Город провожал его тишиной. Фонари гасли один за другим — наступало утро, серое, мутное, с небом, похожим на старую простыню. Но Воронин шёл не в утро, а в прошлое — в тот день, когда Карпов сидел в своём кабинете и подписывал бумаги, которые стоили человеку жизни. И в этом прошлом уже что-то зашевелилось, как поднимается со дна Невы тина — медленно, неотвратимо, готовая захватить живых.
Он остановился перед домом на Литейной. Высокий, строгий, с лепниной, потемневшей от копоти и сырости, с окнами, за которыми уже зажглись свечи — хотя утро давно наступило. Воронин поднялся на крыльцо, взялся за медную ручку двери и замер. В кармане лежали часы. Стрелки по-прежнему стояли на 3:17, и он знал, что сейчас, когда он переступит порог, время снова начнёт идти — но уже по-другому, в том ритме, который задаст не город и не Нева, а тайна, которую он взялся разгадать.

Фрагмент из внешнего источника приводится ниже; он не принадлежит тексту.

lemma hurwitz_regularized_entire:
  assumes a: "Re a \<ge> 8"
  shows "\<exists>T. T holomorphic_on UNIV \<and> (\<forall>s. 2 < Re s \<longrightarrow> T s = hurwitz_regularized a s)"
proof (rule holomorphic_on_UNIV_from_halfplanes)
  show "\<exists>f. f holomorphic_on {s. 2 - real K < Re s} \<and> (\<forall>s. 2 < Re s \<longrightarrow> f s = hurwitz_regularized a s)"
    for K
  proof (induction K)
    case 0
    have "hurwitz_regularized a holomorphic_on {s. 2 < Re s}"
      unfolding hurwitz_regularized_def[abs_def]
      by (intro holomorphic_intros holomorphic_hurwitz_series[OF a])
    thus ?case by auto
  next
    case (Suc K)
    thus ?case using hurwitz_regularized_extension_step[OF a] by blast
  qed
qed

lemma summable_norm_shifted_powr:
  fixes D s :: complex
  assumes D: "Re D > 0" and s: "Re s \<ge> 2"
  shows "summable (\<lambda>n. norm ((of_nat n + D) powr (-s)))"
proof -
  have "summable (\<lambda>n. norm ((of_nat n + (D + 8)) powr (-s)))"
    by (rule summable_norm_hurwitz_terms) (use D s in auto)
  hence "summable (\<lambda>n. norm ((of_nat (n + 8) + D) powr (-s)))" by (simp add: add_ac)
  thus ?thesis by (subst (asm) summable_iff_shift)
qed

Он открыл дверь, и тишина дома на Литейной хлынула ему навстречу — тягучая, как туман над Невой, и такая же непроницаемая. Но за этой тишиной уже слышалось: голоса, шаги, ссоры, которые вот-вот прорвутся наружу. И Воронин вошёл, чтобы услышать их.

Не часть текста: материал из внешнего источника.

lemma farkas_lemma:
  fixes A :: "'i \<Rightarrow> 'v \<Rightarrow> real" and b :: "'i \<Rightarrow> real"
  assumes "finite V" "finite I"
    and "\<nexists>x. \<forall>i\<in>I. b i \<le> (\<Sum>v\<in>V. A i v * x v)"
  shows "\<exists>c. (\<forall>i\<in>I. c i \<ge> 0) \<and> (\<forall>v\<in>V. (\<Sum>i\<in>I. c i * A i v) = 0) \<and> (\<Sum>i\<in>I. c i * b i) > 0"
proof (rule farkas_elimination[where K = "(\<lambda>i j. of_bool (j = i)) ` I"])
  have unit: "(\<Sum>j\<in>I. of_bool (j = i) * f j) = f i" if "i \<in> I" for i and f :: "'i \<Rightarrow> real"
    using that assms(2) by simp
  show "\<nexists>x. \<forall>c\<in>(\<lambda>i j. of_bool (j = i)) ` I.
      (\<Sum>i\<in>I. c i * b i) \<le> (\<Sum>v\<in>V. (\<Sum>i\<in>I. c i * A i v) * x v)"
    using assms(3) by (simp add: unit)
qed (use assms(1,2) in auto)

lemma farkas_lemma_nonneg:
  fixes A :: "'i \<Rightarrow> 'v \<Rightarrow> real" and b :: "'i \<Rightarrow> real"
  assumes "finite V" "finite I"
    and "\<nexists>x. (\<forall>v\<in>V. x v \<ge> 0) \<and> (\<forall>i\<in>I. b i \<le> (\<Sum>v\<in>V. A i v * x v))"
  shows "\<exists>l. (\<forall>i\<in>I. l i \<ge> 0) \<and> (\<forall>v\<in>V. (\<Sum>i\<in>I. l i * A i v) \<le> 0) \<and> (\<Sum>i\<in>I. l i * b i) > 0"
proof -
  define A' where "A' = case_sum A (\<lambda>w v. of_bool (v = w))"
  define b' :: "'i + 'v \<Rightarrow> real" where "b' = case_sum b (\<lambda>_. 0)"
  have nonneg_row_value: "(\<Sum>v\<in>V. A' (Inr w) v * x v) = x w" if "w \<in> V" for w x
    using that assms(1) by (simp add: A'_def)
  have "\<nexists>x. \<forall>\<rho>\<in>I <+> V. b' \<rho> \<le> (\<Sum>v\<in>V. A' \<rho> v * x v)"
  proof
    assume "\<exists>x. \<forall>\<rho>\<in>I <+> V. b' \<rho> \<le> (\<Sum>v\<in>V. A' \<rho> v * x v)"
    then obtain x where x: "\<forall>\<rho>\<in>I <+> V. b' \<rho> \<le> (\<Sum>v\<in>V. A' \<rho> v * x v)" by blast
    have "x v \<ge> 0" if "v \<in> V" for v
      using x[rule_format, OF InrI[OF that]] that by (simp add: nonneg_row_value b'_def)
    moreover have "b i \<le> (\<Sum>v\<in>V. A i v * x v)" if "i \<in> I" for i
      using x[rule_format, OF InlI[OF that]] by (simp add: A'_def b'_def)
    ultimately show False using assms(3) by blast
  qed
  with assms(1,2) obtain c where c: "\<forall>\<rho>\<in>I <+> V. c \<rho> \<ge> 0"
    "\<forall>v\<in>V. (\<Sum>\<rho>\<in>I <+> V. c \<rho> * A' \<rho> v) = 0" "(\<Sum>\<rho>\<in>I <+> V. c \<rho> * b' \<rho>) > 0"
    using farkas_lemma[of V "I <+> V" b' A'] by auto
  have "(\<Sum>i\<in>I. c (Inl i) * A i v) \<le> 0" if "v \<in> V" for v
  proof -
    have "(\<Sum>i\<in>I. c (Inl i) * A i v) + c (Inr v) = 0"
      using c(2)[rule_format, OF that] that assms(1,2) by (simp add: sum.Plus A'_def comp_def)
    moreover have "c (Inr v) \<ge> 0" using c(1) InrI[OF that] by (rule bspec)
    ultimately show ?thesis by linarith
  qed
  moreover have "(\<Sum>i\<in>I. c (Inl i) * b i) > 0"
    using c(3) assms(1,2) by (simp add: sum.Plus b'_def comp_def)
  moreover have "c (Inl i) \<ge> 0" if "i \<in> I" for i using c(1) InlI[OF that] by (rule bspec)
  ultimately show ?thesis by (intro exI[of _ "\<lambda>i. c (Inl i)"]) blast
qed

Часы в кармане не тикали. Но Воронин знал: они ждут. И он ждал вместе с ними.
Глава 2.
Дверь открылась не сразу.
Воронин нажал на медную ручку, но та не поддалась — словно кто-то внутри держал её с той стороны, прислушиваясь к дыханию за порогом. Он подождал, чувствуя, как сырость улицы медленно просачивается под воротник, и нажал снова — сильнее, настойчивее. И тогда дверь поддалась, мягко и бесшумно, как будто её и не запирали вовсе, а только притворяли, проверяя, войдёт ли гость, осмелится ли нарушить ту тягучую, ватную тишину, что стояла за ней.

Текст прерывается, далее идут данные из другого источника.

lemma nn_integral_round_step_le:
  assumes h: "admissible h"
  shows "(\<integral>\<^sup>+h'. ennreal (potential h') \<partial>round_step AM AS F eta rho adv h)
           \<le> ennreal (potential h) + ennreal drift"
proof -
  have "(\<integral>\<^sup>+ft. \<integral>\<^sup>+c. ennreal (potential (h @ [(ft, b, c)]))
          \<partial>bernoulli_pmf (rho (winner b ft)) \<partial>embed_pmf (q (cum h)))
        \<le> ennreal (potential h) + ennreal drift"
    if "b \<in> set_pmf (adv h)" for b
  proof -
    have b: "in_unit_cube N b"
      using bids_range[OF that] .
    have "admissible (h @ [(ft, b, c)])" if "ft \<in> F" for ft c
      using h b that by (simp add: admissible_def)
    then have "(\<integral>\<^sup>+ft. \<integral>\<^sup>+c. ennreal (potential (h @ [(ft, b, c)]))
          \<partial>bernoulli_pmf (rho (winner b ft)) \<partial>embed_pmf (q (cum h)))
        = ennreal (round_mean (cum h) b (\<lambda>ft c. potential (h @ [(ft, b, c)])))"
      using potential_nonneg by (intro nn_integral_round_eq) blast
    also have "\<dots> \<le> ennreal (potential h + drift)"
      using round_mean_potential_le[OF b] by (rule ennreal_leI)
    finally show ?thesis
      using potential_nonneg[OF h] drift_nonneg by (simp add: ennreal_plus)
  qed
  then have "(\<integral>\<^sup>+b. \<integral>\<^sup>+ft. \<integral>\<^sup>+c. ennreal (potential (h @ [(ft, b, c)]))
          \<partial>bernoulli_pmf (rho (winner b ft)) \<partial>embed_pmf (q (cum h)) \<partial>adv h)
      \<le> (\<integral>\<^sup>+b. ennreal (potential h) + ennreal drift \<partial>adv h)"
    by (intro nn_integral_mono_AE) (simp add: AE_measure_pmf_iff)
  then show ?thesis
    by (simp add: round_step_def measure_pmf.emeasure_space_1)
qed

lemma set_pmf_game: "h \<in> set_pmf (game n) \<Longrightarrow> admissible h \<and> length h = n"
proof (induction n arbitrary: h)
  case 0
  then show ?case by (simp add: admissible_def)
next
  case (Suc n)
  then obtain h0 b ft c where "h0 \<in> set_pmf (game n)" "b \<in> set_pmf (adv h0)"
    "ft \<in> set_pmf (embed_pmf (q (cum h0)))" "h = h0 @ [(ft, b, c)]"
    by (auto simp: round_step_def)
  then show ?case
    using Suc.IH bids_range set_pmf_embed_ew_weight by (fastforce simp: admissible_def)
qed

lemma nn_integral_game_le:
  "(\<integral>\<^sup>+h. ennreal (potential h) \<partial>game n)
     \<le> ennreal (potential [] + real n * drift)"
proof (induction n)
  case 0
  then show ?case by simp
next
  case (Suc n)
  have "(\<integral>\<^sup>+h. ennreal (potential h) \<partial>game (Suc n))
      \<le> (\<integral>\<^sup>+h. ennreal (potential h) \<partial>game n) + ennreal drift"
    unfolding run_game.simps
    by (rule nn_integral_bind_pmf_le_add) (use set_pmf_game nn_integral_round_step_le in blast)
  also have "\<dots> \<le> ennreal (potential [] + real n * drift) + ennreal drift"
    using Suc.IH by (rule add_right_mono)
  also have "\<dots> = ennreal (potential [] + real (Suc n) * drift)"
    using potential_nonneg[of "[]"] drift_nonneg
    by (simp add: admissible_def algebra_simps flip: ennreal_plus)
  finally show ?case .
qed

theorem expected_regret_le:
  "measure_pmf.expectation (game n) (regret AM AS rho)
     \<le> ln (card F) / eta + real n * (1 / real T + eta * real N / 2)"
proof -
  let ?M = "measure_pmf (game n)"
  have bounded: "AE h in ?M. \<bar>regret AM AS rho h\<bar> \<le> real n"
    using set_pmf_game abs_regret_le by (auto simp: AE_measure_pmf_iff)
  then have int: "integrable ?M (regret AM AS rho)"
    by (intro measure_pmf.integrable_const_bound[where B = "real n"]) auto
  have "ennreal (measure_pmf.expectation (game n) (\<lambda>h. regret AM AS rho h + real n))
      = (\<integral>\<^sup>+h. ennreal (regret AM AS rho h + real n) \<partial>?M)"
    using int bounded by (intro nn_integral_eq_integral[symmetric]) (auto elim!: eventually_mono)
  also have "\<dots> \<le> (\<integral>\<^sup>+h. ennreal (potential h) \<partial>?M)"
    using set_pmf_game regret_le_potential
    by (intro nn_integral_mono_AE) (auto simp: AE_measure_pmf_iff intro: ennreal_leI)
  also have "\<dots> \<le> ennreal (potential [] + real n * drift)"
    by (rule nn_integral_game_le)
  finally have "measure_pmf.expectation (game n) (\<lambda>h. regret AM AS rho h + real n)
      \<le> potential [] + real n * drift"
    using potential_nonneg[of "[]"] drift_nonneg
    by (subst (asm) ennreal_le_iff) (auto simp: admissible_def)
  then show ?thesis
    using int by (simp add: potential_Nil drift_def algebra_simps)
qed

Перед ним открылся вестибюль — высокий, с колоннами из искусственного мрамора, которые желтели от времени и копоти. В воздухе стоял плотный, многослойный запах: воск, которым натирали паркет, полированное дерево, старое серебро, едва уловимая горечь от угольных печей и — что-то ещё, тёплое и сладковатое, похожее на сушёные травы, которыми здесь, видимо, перебивали запах сырости. Пахло так, как пахнут дома, где живут богато, но без радости, где каждая вещь стоит на своём месте не потому, что так удобно, а потому, что так положено. Где каждый предмет — свидетель, а не слуга. Где мебель помнит больше, чем хозяева.